(Stored records)
=== Begin Enclosure ===
lemma exists_thinning_param:
  fixes \<mu> d :: real
  assumes "0 < \<mu>" "0 \<le> d"
  obtains t where "0 \<le> t" "t \<le> 1" "\<mu>\<^sup>2 / (2 * (\<mu> + d)) \<le> t * \<mu> - t\<^sup>2 * d / 2"
proof (cases "d \<le> \<mu>")
  case True
  have "\<mu>\<^sup>2 \<le> (\<mu> - d / 2) * (2 * (\<mu> + d))"
  proof -
    have "d * d \<le> \<mu> * \<mu>" "0 \<le> \<mu> * d" using True assms by (auto intro: mult_mono)
    then show ?thesis by (simp add: algebra_simps power2_eq_square)
  qed
  then show ?thesis
    using assms by (intro that[of 1]) (simp_all add: pos_divide_le_eq)
next
  case False
  have "\<mu>\<^sup>2 / (2 * (\<mu> + d)) \<le> \<mu>\<^sup>2 / (2 * d)"
    using False assms by (intro divide_left_mono) auto
  also have "\<dots> = (\<mu> / d) * \<mu> - (\<mu> / d)\<^sup>2 * d / 2"
    using False assms by (simp add: field_simps power2_eq_square)
  finally show ?thesis
    using False assms by (intro that[of "\<mu> / d"]) auto
qed

theorem janson_inequality_extended:
  assumes E: "finite E" and p: "\<And>e. e \<in> E \<Longrightarrow> 0 \<le> p e \<and> p e \<le> 1"
    and I: "finite I" and S: "\<And>j. j \<in> I \<Longrightarrow> S j \<subseteq> E" "\<And>j. j \<in> I \<Longrightarrow> S j \<noteq> {}"
    and mu: "0 < janson_mu p S I"
  shows "subset_expect E p (avoids S I) \<le> exp (- ((janson_mu p S I)\<^sup>2 / (2 * janson_overlap p S I)))"
proof -
  obtain t where t: "0 \<le> t" "t \<le> 1" and
    "(janson_mu p S I)\<^sup>2 / (2 * (janson_mu p S I + janson_delta p S I))
       \<le> t * janson_mu p S I - t\<^sup>2 * janson_delta p S I / 2"
    using exists_thinning_param[OF mu janson_delta_nonneg[OF p S(1)]] .
  then have "- (t * janson_mu p S I - t\<^sup>2 * janson_delta p S I / 2)
      \<le> - ((janson_mu p S I)\<^sup>2 / (2 * janson_overlap p S I))"
    using janson_overlap_eq[OF I S(2)] by simp
  then show ?thesis
    using janson_inequality_thinned[OF E p I S(1) t] by (meson exp_le_cancel_iff order_trans)
qed

lemma finite_all_edges: "finite V \<Longrightarrow> finite (all_edges V)"
  unfolding all_edges_def by (rule finite_subset[of _ "Pow V"]) auto

lemma finite_graph: "G \<subseteq> all_edges {1..m} \<Longrightarrow> finite G"
  using finite_all_edges[of "{1..m}"] by (auto intro: finite_subset)

lemma all_edges_subset_Pow: "all_edges V \<subseteq> Pow V"
  unfolding all_edges_def by auto

lemma pmf_gnp:
  assumes "0 \<le> p" "p \<le> 1" "X \<subseteq> all_edges {1..n}"
  shows "pmf (gnp n p) X = subset_prob (all_edges {1..n}) (\<lambda>_. p) X"
proof -
  define A where "A = all_edges {1..n}"
  define M where "M = Pi_pmf A False (\<lambda>_. bernoulli_pmf p)"
  define f where "f g = {e \<in> A. g e}" for g :: "nat set \<Rightarrow> bool"
  define gX where "gX e = (e \<in> X)" for e
  have finA: "finite A" unfolding A_def by (rule finite_all_edges) simp
  have "pmf (gnp n p) X = measure M (f -` {X})"
    unfolding gnp_def pmf_map A_def[symmetric] M_def f_def ..
  also have "\<dots> = measure M {gX}"
  proof (rule measure_prob_cong_0)
    fix g assume "g \<in> f -` {X} - {gX}"
    then obtain e where "e \<notin> A" "g e"
      using assms(3) unfolding f_def gX_def A_def by (auto simp: fun_eq_iff)
    then show "pmf M g = 0" unfolding M_def using finA by (auto simp: pmf_Pi)
  qed (use assms(3) in \<open>auto simp: f_def gX_def A_def\<close>)
  also have "\<dots> = subset_prob A (\<lambda>_. p) X"
    using assms(1,2,3) finA unfolding M_def subset_prob_def gX_def A_def
    by (auto simp: measure_pmf_single pmf_Pi intro!: prod.cong)
  finally show ?thesis unfolding A_def .
qed

lemma set_pmf_gnp: "set_pmf (gnp n p) \<subseteq> Pow (all_edges {1..n})"
  unfolding gnp_def by auto

lemma measure_pmf_finite_support:
  assumes "set_pmf M \<subseteq> F" "finite F"
  shows "measure_pmf.prob M A = sum (pmf M) (A \<inter> F)"
proof -
  have "measure_pmf.prob M A = measure_pmf.prob M (A \<inter> F)"
    using assms(1) by (intro measure_prob_cong_0) (auto simp: set_pmf_eq)
  also have "\<dots> = sum (pmf M) (A \<inter> F)" using assms(2) by (simp add: measure_measure_pmf_finite)
  finally show ?thesis .
qed

lemma bij_betw_vimage_Inl_Inr:
  "bij_betw (\<lambda>T. (Inl -` T, Inr -` T)) (Pow (A <+> B)) (Pow A \<times> Pow B)"
  by (rule bij_betw_byWitness[where f' = "\<lambda>(X, Y). X <+> Y"]) (auto simp: Plus_def)

lemma Plus_vimage_Inl_Inr [simp]: "Inl -` T <+> Inr -` T = T"
proof (rule set_eqI)
  fix x show "x \<in> Inl -` T <+> Inr -` T \<longleftrightarrow> x \<in> T" by (cases x) auto
qed

lemma subset_prob_Plus:
  assumes "finite A" "finite B" "T \<subseteq> A <+> B"
  shows "subset_prob (A <+> B) (case_sum p q) T = subset_prob A p (Inl -` T) * subset_prob B q (Inr -` T)"
proof -
  have "subset_prob (A <+> B) (case_sum p q) T
      = (\<Prod>e\<in>Inl ` A. if e \<in> T then case_sum p q e else 1 - case_sum p q e)
        * (\<Prod>e\<in>Inr ` B. if e \<in> T then case_sum p q e else 1 - case_sum p q e)"
    unfolding subset_prob_def Plus_def using assms by (intro prod.union_disjoint) auto
  then show ?thesis
    unfolding subset_prob_def by (simp add: prod.reindex cong: if_cong)
qed

lemma subset_expect_Plus:
  assumes "finite A" "finite B"
  shows "subset_expect (A <+> B) (case_sum p q) (\<lambda>T. f (Inl -` T) (Inr -` T))
       = (\<Sum>(X, Y)\<in>Pow A \<times> Pow B. subset_prob A p X * subset_prob B q Y * f X Y)"
  unfolding subset_expect_def
  using sum.reindex_bij_betw[OF bij_betw_vimage_Inl_Inr,
      of "\<lambda>(X, Y). subset_prob A p X * subset_prob B q Y * f X Y"]
  by (auto simp: subset_prob_Plus[OF assms] intro!: sum.cong)

text \<open>A pair of graphs on \<open>[n]\<close> is encoded as one subset of the disjoint union of two
  copies of the potential edges, so that two independent Erdos-Renyi graphs become
  a single product measure.\<close>

lemma prob_pair_gnp_eq_subset_expect:
  assumes "0 \<le> p1" "p1 \<le> 1" "0 \<le> p2" "p2 \<le> 1"
  shows "measure_pmf.prob (pair_pmf (gnp n p1) (gnp n p2)) {(X, Y). P X Y}
       = subset_expect (all_edges {1..n} <+> all_edges {1..n}) (case_sum (\<lambda>_. p1) (\<lambda>_. p2))
           (\<lambda>T. of_bool (P (Inl -` T) (Inr -` T)))"
proof -
  define A where "A = all_edges {1..n}"
  have finA: "finite A" unfolding A_def by (rule finite_all_edges) simp
  have "measure_pmf.prob (pair_pmf (gnp n p1) (gnp n p2)) {(X, Y). P X Y}
      = sum (pmf (pair_pmf (gnp n p1) (gnp n p2))) ({(X, Y). P X Y} \<inter> (Pow A \<times> Pow A))"
    using set_pmf_gnp finA unfolding A_def by (intro measure_pmf_finite_support) auto
  also have "\<dots> = (\<Sum>(X, Y)\<in>Pow A \<times> Pow A. subset_prob A (\<lambda>_. p1) X * subset_prob A (\<lambda>_. p2) Y * of_bool (P X Y))"
    using finA assms unfolding A_def
    by (simp add: sum.inter_filter[symmetric] case_prod_beta Int_def conj_commute)
      (intro sum.cong refl, auto simp: pmf_pair pmf_gnp)
  also have "\<dots> = subset_expect (A <+> A) (case_sum (\<lambda>_. p1) (\<lambda>_. p2))
      (\<lambda>T. of_bool (P (Inl -` T) (Inr -` T)))"
    by (rule subset_expect_Plus[OF finA finA, symmetric])
  finally show ?thesis unfolding A_def .
qed

section \<open>Configurations\<close>

definition injective_on_classes :: "nat \<Rightarrow> (nat \<times> nat \<Rightarrow> nat) \<Rightarrow> (nat \<Rightarrow> (nat \<times> nat) set) \<Rightarrow> bool" where
  "injective_on_classes m \<phi> C \<longleftrightarrow>
     (\<forall>i\<in>{1..m}. \<forall>j\<in>{1..m}. \<forall>a\<in>C i. \<forall>b\<in>C j. \<phi> a = \<phi> b \<longrightarrow> i = j \<and> a = b)"

definition required_edges :: "nat set set \<Rightarrow> nat set set \<Rightarrow> (nat \<Rightarrow> nat \<times> nat) \<Rightarrow> (nat set + nat set) set" where
  "required_edges G H c = image (fst \<circ> c) ` G <+> image (snd \<circ> c) ` H"

text \<open>A choice of the sets \<open>V\<^sub>i\<close> and of \<open>\<sigma>\<close> is encoded by the classes
  \<open>C i = {(\<sigma>\<^sup>-\<^sup>1 y, y) | y \<in> V\<^sub>i}\<close>; only the injectivity of both projections
  is remembered, which suffices for the embedding and makes the classes easy to count.\<close>

definition configurations :: "nat \<Rightarrow> nat \<Rightarrow> (nat \<Rightarrow> nat) \<Rightarrow> (nat \<Rightarrow> (nat \<times> nat) set) set" where
  "configurations m n q =
     {C \<in> PiE {1..m} (\<lambda>i. {A. A \<subseteq> {1..n} \<times> {1..n} \<and> card A = q i}).
        injective_on_classes m fst C \<and> injective_on_classes m snd C}"

lemma injective_on_classesD:
  "injective_on_classes m \<phi> C \<Longrightarrow> i \<in> {1..m} \<Longrightarrow> j \<in> {1..m} \<Longrightarrow> a \<in> C i \<Longrightarrow> b \<in> C j
    \<Longrightarrow> \<phi> a = \<phi> b \<Longrightarrow> i = j \<and> a = b"
  unfolding injective_on_classes_def by blast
=== End Enclosure ===
The lines above from the one with "i. \<forall>b\<in>C j." through the one with "image (fst \<circ>" are to be duplicated exactly, ends included, with nothing added.

     (\<forall>i\<in>{1..m}. \<forall>j\<in>{1..m}. \<forall>a\<in>C i. \<forall>b\<in>C j. \<phi> a = \<phi> b \<longrightarrow> i = j \<and> a = b)"

definition required_edges :: "nat set set \<Rightarrow> nat set set \<Rightarrow> (nat \<Rightarrow> nat \<times> nat) \<Rightarrow> (nat set + nat set) set" where
  "required_edges G H c = image (fst \<circ> c) ` G <+> image (snd \<circ> c) ` H"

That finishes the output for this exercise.